In the recent past, the package emmeans
gave me a big boost for its useful way to handle back-transformations. For example, in the box below, I have performed an ANOVA on log-transformed data and retrieved the back-transformed means on the original count scale.

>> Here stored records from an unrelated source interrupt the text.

text \<open>By \<open>contour_integral_implicit_root\<close>, \<open>H(s)\<close> is a contour integral whose integrand
  expands as a double power series in \<open>(x, y)\<close>.\<close>

lemma implicit_root_double_series:
  fixes H R :: "complex \<Rightarrow> complex" and x y s :: complex
  assumes \<rho>: "0 < \<rho>" "\<rho> < \<rho>0"
    and holH: "H holomorphic_on ball 0 \<rho>0" and holR: "R holomorphic_on ball 0 \<rho>0"
    and deriv_le: "\<And>z. z \<in> cball 0 \<rho> \<Longrightarrow> norm (deriv R z) \<le> L" and R0: "R 0 = 0"
    and xy: "norm x + norm y * (L * \<rho>) < \<rho>" and yL: "norm y * L < 1"
    and s: "s \<in> ball 0 \<rho>" "s + y * R s = x"
  shows "((\<lambda>(i, m). implicit_coeff H R \<rho> i m * x ^ i * y ^ m) has_sum H s) UNIV"
proof -
  let ?\<gamma> = "circlepath 0 \<rho>"
  let ?S = "sphere (0::complex) \<rho>"
  let ?den = "\<lambda>\<zeta>. \<zeta> - (x - y * R \<zeta>)"
  have Sb: "?S \<subseteq> ball 0 \<rho>0" using \<rho> by auto
  have R_le: "norm (R \<zeta>) \<le> L * \<rho>" if "\<zeta> \<in> ?S" for \<zeta>
    using holomorphic_lipschitz_on_cball[OF holR \<rho>(2) deriv_le, of \<zeta> 0] that \<rho> R0 by auto
  have den: "?den \<zeta> \<noteq> 0" if "\<zeta> \<in> ?S" for \<zeta>
  proof
    assume "?den \<zeta> = 0"
    then have "\<zeta> = x - y * R \<zeta>" by simp
    then have "norm \<zeta> \<le> norm x + norm y * norm (R \<zeta>)"
      by (metis norm_mult norm_triangle_ineq4)
    also have "\<dots> \<le> norm x + norm y * (L * \<rho>)" using R_le[OF that] by (simp add: mult_left_mono)
    finally show False using xy that by simp
  qed
  have contH: "continuous_on ?S H"
    by (rule continuous_on_subset[OF holomorphic_on_imp_continuous_on[OF holH] Sb])
  have contR: "continuous_on ?S R"
    by (rule continuous_on_subset[OF holomorphic_on_imp_continuous_on[OF holR] Sb])
  have contdR: "continuous_on ?S (deriv R)"
    by (rule continuous_on_subset[OF holomorphic_on_imp_continuous_on[OF holomorphic_deriv[OF holR open_ball]] Sb])
  have int1: "(\<lambda>\<zeta>. H \<zeta> / ?den \<zeta>) contour_integrable_on ?\<gamma>"
    and int2: "(\<lambda>\<zeta>. H \<zeta> * deriv R \<zeta> / ?den \<zeta>) contour_integrable_on ?\<gamma>"
    using \<rho> den by (auto intro!: contour_integrable_circlepath_sphere continuous_intros contH contR contdR)
  have "contour_integral ?\<gamma> (\<lambda>\<zeta>. H \<zeta> * (1 + y * deriv R \<zeta>) / ?den \<zeta>)
      = contour_integral ?\<gamma> (\<lambda>\<zeta>. H \<zeta> / ?den \<zeta> + y * (H \<zeta> * deriv R \<zeta> / ?den \<zeta>))"
    by (rule contour_integral_eq) (simp add: field_simps add_divide_distrib)
  also have "\<dots> = contour_integral ?\<gamma> (\<lambda>\<zeta>. H \<zeta> / ?den \<zeta>)
      + y * contour_integral ?\<gamma> (\<lambda>\<zeta>. H \<zeta> * deriv R \<zeta> / ?den \<zeta>)"
    by (simp only: contour_integral_add[OF int1 contour_integrable_lmul[OF int2]] contour_integral_lmul[OF int2])
  finally have split: "contour_integral ?\<gamma> (\<lambda>\<zeta>. H \<zeta> / ?den \<zeta>)
      + y * contour_integral ?\<gamma> (\<lambda>\<zeta>. H \<zeta> * deriv R \<zeta> / ?den \<zeta>) = 2 * of_real pi * \<i> * H s"
    using contour_integral_implicit_root[OF \<rho> holH holR deriv_le yL s] by simp
  have A1: "((\<lambda>(i, m). x ^ i * y ^ m * cauchy_coeff H R \<rho> i m) has_sum
      contour_integral ?\<gamma> (\<lambda>\<zeta>. H \<zeta> / ?den \<zeta>)) UNIV"
    by (rule contour_integral_double_series[OF \<rho>(1) contH contR R_le xy])
  have A2: "((\<lambda>(i, m). x ^ i * y ^ m * cauchy_coeff (\<lambda>\<zeta>. H \<zeta> * deriv R \<zeta>) R \<rho> i m) has_sum
      contour_integral ?\<gamma> (\<lambda>\<zeta>. H \<zeta> * deriv R \<zeta> / ?den \<zeta>)) UNIV"
    by (rule contour_integral_double_series[OF \<rho>(1) _ contR R_le xy]) (intro continuous_intros contH contdR)
  have "((\<lambda>p. (case p of (i, m) \<Rightarrow> x ^ i * y ^ m * cauchy_coeff H R \<rho> i m)
      + (case p of (i, m) \<Rightarrow> x ^ i * y ^ m
          * (if m = 0 then 0 else cauchy_coeff (\<lambda>\<zeta>. H \<zeta> * deriv R \<zeta>) R \<rho> i (m - 1))))
      has_sum (2 * of_real pi * \<i> * H s)) UNIV"
    using has_sum_add[OF A1 has_sum_shift_snd[OF A2]] split by simp
  from has_sum_cmult_right[OF this, of "inverse (2 * of_real pi * \<i>)"] show ?thesis
    by (simp add: implicit_coeff_def split_beta' field_simps)
qed

lemma powser_on_complex_extension:
  assumes "powser_on b r f"
  shows "(\<lambda>z. \<Sum>n. complex_of_real (b n) * z ^ n) holomorphic_on ball 0 r"
    and "\<And>t. \<bar>t\<bar> < r \<Longrightarrow> (\<Sum>n. complex_of_real (b n) * complex_of_real t ^ n) = complex_of_real (f t)"
proof -
  show "(\<lambda>z. \<Sum>n. complex_of_real (b n) * z ^ n) holomorphic_on ball 0 r"
    unfolding holomorphic_on_def
  proof
    fix z :: complex assume z: "z \<in> ball 0 r"
    define K where "K = (norm z + r) / 2"
    have K: "norm z < K" "K < r" using z by (auto simp: K_def)
    moreover have "0 < K" using K norm_ge_zero[of z] by linarith
    ultimately have "summable (\<lambda>n. b n * K ^ n)" using powser_on_summable(2)[OF assms, of K] by simp
    then have "summable (\<lambda>n. complex_of_real (b n) * complex_of_real K ^ n)"
      using summable_of_real[of "\<lambda>n. b n * K ^ n"] by simp
    then have "DERIV (\<lambda>z. \<Sum>n. complex_of_real (b n) * z ^ n) z
        :> (\<Sum>n. diffs (\<lambda>n. complex_of_real (b n)) n * z ^ n)"
      by (rule termdiffs_strong) (use K in simp)
    then show "(\<lambda>z. \<Sum>n. complex_of_real (b n) * z ^ n) field_differentiable at z within ball 0 r"
      using field_differentiable_def field_differentiable_at_within by blast
  qed
  fix t :: real assume t: "\<bar>t\<bar> < r"
  have "(\<Sum>n. complex_of_real (b n * t ^ n)) = complex_of_real (\<Sum>n. b n * t ^ n)"
    by (rule suminf_of_real[symmetric, OF powser_on_summable(2)[OF assms t]])
  then show "(\<Sum>n. complex_of_real (b n) * complex_of_real t ^ n) = complex_of_real (f t)"
    using powser_on_eq_suminf[OF assms t] by simp
qed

library(emmeans) fileName <- "http://www.casaonofri.it/_datasets/insects.csv" dataset <- read.csv(fileName) head(dataset) ## Insecticide Rep Count ## 1 T1 1 448 ## 2 T1 2 906 ## 3 T1 3 484 ## 4 T1 4 477 ## 5 T1 5 634 ## 6 T2 1 211 model <- lm(log(Count) ~ Insecticide, data = dataset) emmeans(model, ~Insecticide, type = "response") ## Insecticide response SE df lower.CL upper.CL ## T1 568.6 101.01 12 386.1 837.3 ## T2 335.1 59.54 12 227.6 493.5 ## T3 51.9 9.22 12 35.2 76.4 ## ## Confidence level used: 0.95 ## Intervals are back-transformed from the log scale
It is very simple: emmeans
auto-detects the transformation function (which is made inside the model specification) and automatically produces the back-transformation, when this is requested by using the ‘type = "response"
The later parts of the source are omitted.